Work task. In the records below, find the line with "by (rule_tac filterlim_at_top_mono)" and the line with "using mu by (intro always_eventually allI prod_nonneg)"; return exactly those lines and every line between them.

[Saved entries]

>>>

(* Let $\{(Q^{m,n}_{ij})_{i,j\in\mathbb{N}}\}$ be a discrete time Markov process. Suppose there exist $k_0\in\mathbb{N}$ and a sequence $(\lambda_n)$ with $0<\lambda_n<1$ for all $n$, satisfying $\sum_{n}\lambda_n=\infty$ and $\sum_{j=1}^n\frac{\prod_{k=1}^n(1-\lambda_k)}{1-\lambda_j}\to0$ as $n\to\infty$, such that $Q^{n-1,n}_{ik_0}\ge\lambda_n$ for all $i\in\mathbb{N}$ and all $n$ (for which $Q^{n-1,n}$ is defined). Then the Markov process satisfies the ergodic principle, i.e. $\lim_{n\to\infty}|Q^{m,n}_{ik}-Q^{m,n}_{jk}|=0$ for every $i,j,k,m$.
   Context: $\mathbb{N}=\{1,2,\dots\}$. A matrix $(Q_{ij})_{i,j\in\mathbb{N}}$ is stochastic if $Q_{ij}\ge0$ and $\sum_jQ_{ij}=1$ for every $i$. A discrete time Markov process is a family of stochastic matrices $\{(Q^{m,n}_{ij})_{i,j\in\mathbb{N}}\}$ indexed by integer times $m<n$, satisfying the Kolmogorov–Chapman equation $Q^{m,l}_{ij}=\sum_{k=1}^\infty Q^{m,n}_{ik}Q^{n,l}_{kj}$ for all $m<n<l$ and all $i,j$. *)

theory Defs
  imports "HOL-Analysis.Analysis"
begin

text \<open>States are the positive naturals {1,2,...}; times are integers.
  Q m n i j is the transition probability from state i at time m to state j at time n.\<close>

definition stochastic_matrix :: "(nat \<Rightarrow> nat \<Rightarrow> real) \<Rightarrow> bool" where
  "stochastic_matrix P \<longleftrightarrow>
     (\<forall>i\<ge>1. (\<forall>j\<ge>1. P i j \<ge> 0) \<and> ((\<lambda>j. P i j) has_sum 1) {1..})"

definition markov_process :: "(int \<Rightarrow> int \<Rightarrow> nat \<Rightarrow> nat \<Rightarrow> real) \<Rightarrow> bool" where
  "markov_process Q \<longleftrightarrow>
     (\<forall>m n. m < n \<longrightarrow> stochastic_matrix (Q m n)) \<and>
     (\<forall>m n l i j. m < n \<longrightarrow> n < l \<longrightarrow> i \<ge> 1 \<longrightarrow> j \<ge> 1 \<longrightarrow>
        ((\<lambda>k. Q m n i k * Q n l k j) has_sum Q m l i j) {1..})"

definition ergodic_principle :: "(int \<Rightarrow> int \<Rightarrow> nat \<Rightarrow> nat \<Rightarrow> real) \<Rightarrow> bool" where
  "ergodic_principle Q \<longleftrightarrow>
     (\<forall>i j k m. i \<ge> 1 \<longrightarrow> j \<ge> 1 \<longrightarrow> k \<ge> 1 \<longrightarrow>
        ((\<lambda>n. \<bar>Q m n i k - Q m n j k\<bar>) \<longlongrightarrow> 0) at_top)"

end

theory Submission
  imports Defs
begin

(* At the step from time t - 1 to time t every row of the transition matrix puts mass at least
   lam t on the state k0, so averaging a function of the state against these rows shrinks its
   oscillation (the spread of its values) by the factor 1 - lam t. By Chapman-Kolmogorov,
   column k of Q m n is such an average of column k of Q (m + 1) n; backward induction on m
   bounds its oscillation by the product of 1 - lam t over m < t < n, and this product tends
   to 0 because 1 - x \<le> exp (- x) and the series of the lam t diverges. *)

definition oscillation_le :: "(nat \<Rightarrow> real) \<Rightarrow> real \<Rightarrow> bool" where
  "oscillation_le f w \<longleftrightarrow> (\<exists>a. \<forall>l\<ge>1. a \<le> f l \<and> f l \<le> a + w)"

lemma oscillation_le_abs_diff:
  assumes "oscillation_le f w" "i \<ge> 1" "j \<ge> 1"
  shows "\<bar>f i - f j\<bar> \<le> w"
proof -
  obtain a where "\<forall>l\<ge>1. a \<le> f l \<and> f l \<le> a + w"
    using assms(1) unfolding oscillation_le_def by blast
  then have "a \<le> f i \<and> f i \<le> a + w" "a \<le> f j \<and> f j \<le> a + w"
    using assms(2,3) by auto
  then show ?thesis
    by (auto simp: abs_le_iff)
qed

lemma stochastic_average_ge:
  fixes p f :: "nat \<Rightarrow> real"
  assumes p_nonneg: "\<forall>l\<ge>1. 0 \<le> p l" and p_sum: "(p has_sum 1) {1..}"
    and "k0 \<ge> 1" and "0 \<le> lam" and "lam \<le> p k0"
    and v: "((\<lambda>l. p l * f l) has_sum v) {1..}" and f_ge: "\<forall>l\<ge>1. a \<le> f l"
  shows "lam * f k0 + (1 - lam) * a \<le> v"
proof -
  have "((\<lambda>l. p l * f l + - (a * p l)) has_sum (v + - (a * 1))) {1..}"
    by (intro has_sum_add[OF v] has_sum_uminusI has_sum_cmult_right[OF p_sum])
  then have centred: "((\<lambda>l. p l * (f l - a)) has_sum (v - a)) {1..}"
    by (simp add: algebra_simps)
  have "p k0 * (f k0 - a) \<le> v - a"
    using finite_sum_le_has_sum[OF centred, of "{k0}"] assms(3) p_nonneg f_ge by simp
  moreover have "lam * (f k0 - a) \<le> p k0 * (f k0 - a)"
    using assms(3,5) f_ge by (intro mult_right_mono) auto
  ultimately show ?thesis
    by (simp add: algebra_simps)
qed

lemma oscillation_le_stochastic_average:
  assumes "stochastic_matrix P" and "oscillation_le f w" and "k0 \<ge> 1"
    and "0 \<le> lam" and "\<forall>i\<ge>1. lam \<le> P i k0"
    and "\<forall>i\<ge>1. ((\<lambda>l. P i l * f l) has_sum g i) {1..}"
  shows "oscillation_le g ((1 - lam) * w)"
proof -
  obtain a where a: "\<forall>l\<ge>1. a \<le> f l \<and> f l \<le> a + w"
    using assms(2) unfolding oscillation_le_def by blast
  define b where "b = lam * f k0 + (1 - lam) * a"
  have "b \<le> g i \<and> g i \<le> b + (1 - lam) * w" if "i \<ge> 1" for i
  proof
    have row: "\<forall>l\<ge>1. 0 \<le> P i l" "(P i has_sum 1) {1..}"
      using assms(1) that unfolding stochastic_matrix_def by auto
    show "b \<le> g i"
      unfolding b_def using assms(3-6) that a
      by (intro stochastic_average_ge[OF row]) auto
    \<comment> \<open>the upper bound is the lower bound for -f\<close>
    have "lam * (- f k0) + (1 - lam) * (- (a + w)) \<le> - g i"
      using assms(3-6) that a has_sum_uminusI[where f="\<lambda>l. P i l * f l"]
      by (intro stochastic_average_ge[OF row]) auto
    then show "g i \<le> b + (1 - lam) * w"
      unfolding b_def by (simp add: algebra_simps)
  qed
  then show ?thesis
    unfolding oscillation_le_def by blast
qed

lemma oscillation_le_stochastic_column:
  assumes "stochastic_matrix P" and "k \<ge> 1"
  shows "oscillation_le (\<lambda>l. P l k) 1"
proof -
  have "0 \<le> P l k \<and> P l k \<le> 1" if "l \<ge> 1" for l
  proof -
    have row: "\<forall>j\<ge>1. 0 \<le> P l j" "(P l has_sum 1) {1..}"
      using assms(1) that unfolding stochastic_matrix_def by auto
    then show ?thesis
      using finite_sum_le_has_sum[OF row(2), of "{k}"] assms(2) by auto
  qed
  then show ?thesis
    unfolding oscillation_le_def by (intro exI[of _ 0]) simp
qed

lemma markov_column_oscillation_le:
  fixes Q :: "int \<Rightarrow> int \<Rightarrow> nat \<Rightarrow> nat \<Rightarrow> real" and mu :: "int \<Rightarrow> real"
  assumes Q: "markov_process Q" and "k0 \<ge> 1" and "k \<ge> 1"
    and mu_nonneg: "\<And>t. 0 \<le> mu t"
    and mu_le_column: "\<And>t i. i \<ge> 1 \<Longrightarrow> mu t \<le> Q (t - 1) t i k0"
    and "m < n"
  shows "oscillation_le (\<lambda>l. Q m n l k) (\<Prod>t\<in>{m<..<n}. 1 - mu t)"
proof -
  have "m \<le> n - 1" using \<open>m < n\<close> by simp
  then show ?thesis
  proof (induction m rule: int_le_induct)
    case base
    have "{n - 1<..<n} = {}"
      by auto
    then show ?case
      using Q \<open>k \<ge> 1\<close> oscillation_le_stochastic_column[of "Q (n - 1) n" k]
      unfolding markov_process_def by simp
  next
    case (step m)
    have "oscillation_le (\<lambda>i. Q (m - 1) n i k) ((1 - mu m) * (\<Prod>t\<in>{m<..<n}. 1 - mu t))"
    proof (rule oscillation_le_stochastic_average[OF _ step.IH \<open>k0 \<ge> 1\<close>])
      show "stochastic_matrix (Q (m - 1) m)"
        using Q unfolding markov_process_def by simp
      show "0 \<le> mu m" "\<forall>i\<ge>1. mu m \<le> Q (m - 1) m i k0"
        using mu_nonneg mu_le_column by auto
      show "\<forall>i\<ge>1. ((\<lambda>l. Q (m - 1) m i l * Q m n l k) has_sum Q (m - 1) n i k) {1..}"
        using Q step.hyps \<open>k \<ge> 1\<close> unfolding markov_process_def by auto
    qed
    moreover have "{m - 1<..<n} = insert m {m<..<n}"
      using step.hyps by auto
    ultimately show ?case
      by simp
  qed
qed

lemma prod_one_minus_le_exp_neg_sum:
  fixes f :: "'a \<Rightarrow> real"
  assumes "finite A" and "\<And>x. x \<in> A \<Longrightarrow> f x \<le> 1"
  shows "(\<Prod>x\<in>A. 1 - f x) \<le> exp (- (\<Sum>x\<in>A. f x))"
proof -
  have "(\<Prod>x\<in>A. 1 - f x) \<le> (\<Prod>x\<in>A. exp (- f x))"
    using assms by (intro prod_mono) (auto simp: add.commute[of 1] exp_ge_add_one_self[of "- _", simplified])
  then show ?thesis
    using \<open>finite A\<close> by (simp add: exp_sum flip: sum_negf)
qed

lemma prod_one_minus_tendsto_zero:
  fixes mu :: "int \<Rightarrow> real"
  assumes mu: "\<And>t. 0 \<le> mu t \<and> mu t \<le> 1"
    and diverges: "filterlim (\<lambda>n. \<Sum>t\<in>{0<..<n}. mu t) at_top at_top"
  shows "((\<lambda>n. \<Prod>t\<in>{m<..<n}. 1 - mu t) \<longlongrightarrow> 0) at_top"
proof (rule tendsto_sandwich[OF _ _ tendsto_const])
  have "(\<Sum>t\<in>{0<..<n}. mu t) \<le> (\<Sum>t\<in>{0<..m}. mu t) + (\<Sum>t\<in>{m<..<n}. mu t)" for n
  proof -
    have "(\<Sum>t\<in>{0<..<n}. mu t) \<le> (\<Sum>t\<in>{0<..m} \<union> {m<..<n}. mu t)"
      using mu by (intro sum_mono2) auto
    also have "\<dots> = (\<Sum>t\<in>{0<..m}. mu t) + (\<Sum>t\<in>{m<..<n}. mu t)"
      by (rule sum.union_disjoint) auto
    finally show ?thesis .
  qed
  then have "filterlim (\<lambda>n. \<Sum>t\<in>{m<..<n}. mu t) at_top at_top"
    using filterlim_tendsto_add_at_top[OF tendsto_const diverges, of "- (\<Sum>t\<in>{0<..m}. mu t)"]
    by (rule_tac filterlim_at_top_mono) (auto simp: algebra_simps)
  then show "((\<lambda>n. exp (- (\<Sum>t\<in>{m<..<n}. mu t))) \<longlongrightarrow> 0) at_top"
    by (intro filterlim_compose[OF exp_at_bot]) (simp add: filterlim_uminus_at_top[symmetric])
  show "\<forall>\<^sub>F n in at_top. 0 \<le> (\<Prod>t\<in>{m<..<n}. 1 - mu t)"
    using mu by (intro always_eventually allI prod_nonneg) auto
  show "\<forall>\<^sub>F n in at_top. (\<Prod>t\<in>{m<..<n}. 1 - mu t) \<le> exp (- (\<Sum>t\<in>{m<..<n}. mu t))"
    using mu by (intro always_eventually allI prod_one_minus_le_exp_neg_sum) auto
qed

lemma sum_zero_extension_at_top:
  fixes lam :: "nat \<Rightarrow> real"
  assumes "filterlim (\<lambda>N. \<Sum>n=1..N. lam n) at_top sequentially"
  shows "filterlim (\<lambda>n::int. \<Sum>t\<in>{0<..<n}. if 1 \<le> t then lam (nat t) else 0) at_top at_top"
proof -
  have nat_pred: "filterlim (\<lambda>n::int. nat (n - 1)) at_top at_top"
    unfolding filterlim_at_top
  proof
    fix N :: nat
    show "\<forall>\<^sub>F n in at_top. N \<le> nat (n - 1)"
      using eventually_ge_at_top[of "int N + 1"] by eventually_elim (simp add: le_nat_iff)
  qed
  have "(\<Sum>t\<in>{0<..<n}. if 1 \<le> t then lam (nat t) else 0) = (\<Sum>r=1..nat (n - 1). lam r)" for n
  proof -
    have "{0<..<n} = int ` {1..nat (n - 1)}"
      by (auto simp: image_int_atLeastAtMost)
    then show ?thesis
      by (simp add: sum.reindex)
  qed
  moreover have "filterlim (\<lambda>n. \<Sum>r=1..nat (n - 1). lam r) at_top at_top"
    by (rule filterlim_compose[OF assms nat_pred])
  ultimately show ?thesis
    by presburger
qed

theorem theorem3p3:
  fixes Q :: "int \<Rightarrow> int \<Rightarrow> nat \<Rightarrow> nat \<Rightarrow> real"
    and lam :: "nat \<Rightarrow> real"
    and k0 :: nat
  assumes "markov_process Q"
    and "k0 \<ge> 1"
    and "\<And>n. n \<ge> 1 \<Longrightarrow> 0 < lam n \<and> lam n < 1"
    and "filterlim (\<lambda>N. \<Sum>n=1..N. lam n) at_top sequentially"
    and "(\<lambda>n. \<Sum>j=1..n. (\<Prod>k=1..n. 1 - lam k) / (1 - lam j)) \<longlonglongrightarrow> 0"
    and "\<And>n i. n \<ge> 1 \<Longrightarrow> i \<ge> 1 \<Longrightarrow> Q (int n - 1) (int n) i k0 \<ge> lam n"
  shows "ergodic_principle Q"
  unfolding ergodic_principle_def
proof (intro allI impI)
  fix i j k :: nat and m :: int
  assume "i \<ge> 1" "j \<ge> 1" "k \<ge> 1"
  \<comment> \<open>No lower bound is assumed at times t \<le> 0; there the step contributes the trivial factor 1.\<close>
  define mu :: "int \<Rightarrow> real" where "mu = (\<lambda>t. if 1 \<le> t then lam (nat t) else 0)"
  have mu_bounds: "0 \<le> mu t \<and> mu t \<le> 1" for t
    using assms(3)[of "nat t"] unfolding mu_def by fastforce
  have mu_le_column: "mu t \<le> Q (t - 1) t i' k0" if "i' \<ge> 1" for t i'
    using assms(1,2) assms(6)[of "nat t" i'] that
    unfolding mu_def markov_process_def stochastic_matrix_def by auto
  have "filterlim (\<lambda>n. \<Sum>t\<in>{0<..<n}. mu t) at_top at_top"
    unfolding mu_def by (rule sum_zero_extension_at_top[OF assms(4)])
  then have prod_tendsto: "((\<lambda>n. \<Prod>t\<in>{m<..<n}. 1 - mu t) \<longlongrightarrow> 0) at_top"
    using mu_bounds by (rule prod_one_minus_tendsto_zero[rotated])
  have "\<forall>\<^sub>F n in at_top. \<bar>Q m n i k - Q m n j k\<bar> \<le> (\<Prod>t\<in>{m<..<n}. 1 - mu t)"
    using eventually_gt_at_top[of m]
  proof eventually_elim
    case (elim n)
    then show ?case
      using markov_column_oscillation_le[OF assms(1,2) \<open>k \<ge> 1\<close> _ mu_le_column] mu_bounds
      by (intro oscillation_le_abs_diff[OF _ \<open>i \<ge> 1\<close> \<open>j \<ge> 1\<close>]) auto
  qed
  then show "((\<lambda>n. \<bar>Q m n i k - Q m n j k\<bar>) \<longlongrightarrow> 0) at_top"
    by (intro tendsto_sandwich[OF always_eventually _ tendsto_const prod_tendsto]) simp_all
qed

end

<<<

Task output.
    by (rule_tac filterlim_at_top_mono) (auto simp: algebra_simps)
  then show "((\<lambda>n. exp (- (\<Sum>t\<in>{m<..<n}. mu t))) \<longlongrightarrow> 0) at_top"
    by (intro filterlim_compose[OF exp_at_bot]) (simp add: filterlim_uminus_at_top[symmetric])
  show "\<forall>\<^sub>F n in at_top. 0 \<le> (\<Prod>t\<in>{m<..<n}. 1 - mu t)"
    using mu by (intro always_eventually allI prod_nonneg) auto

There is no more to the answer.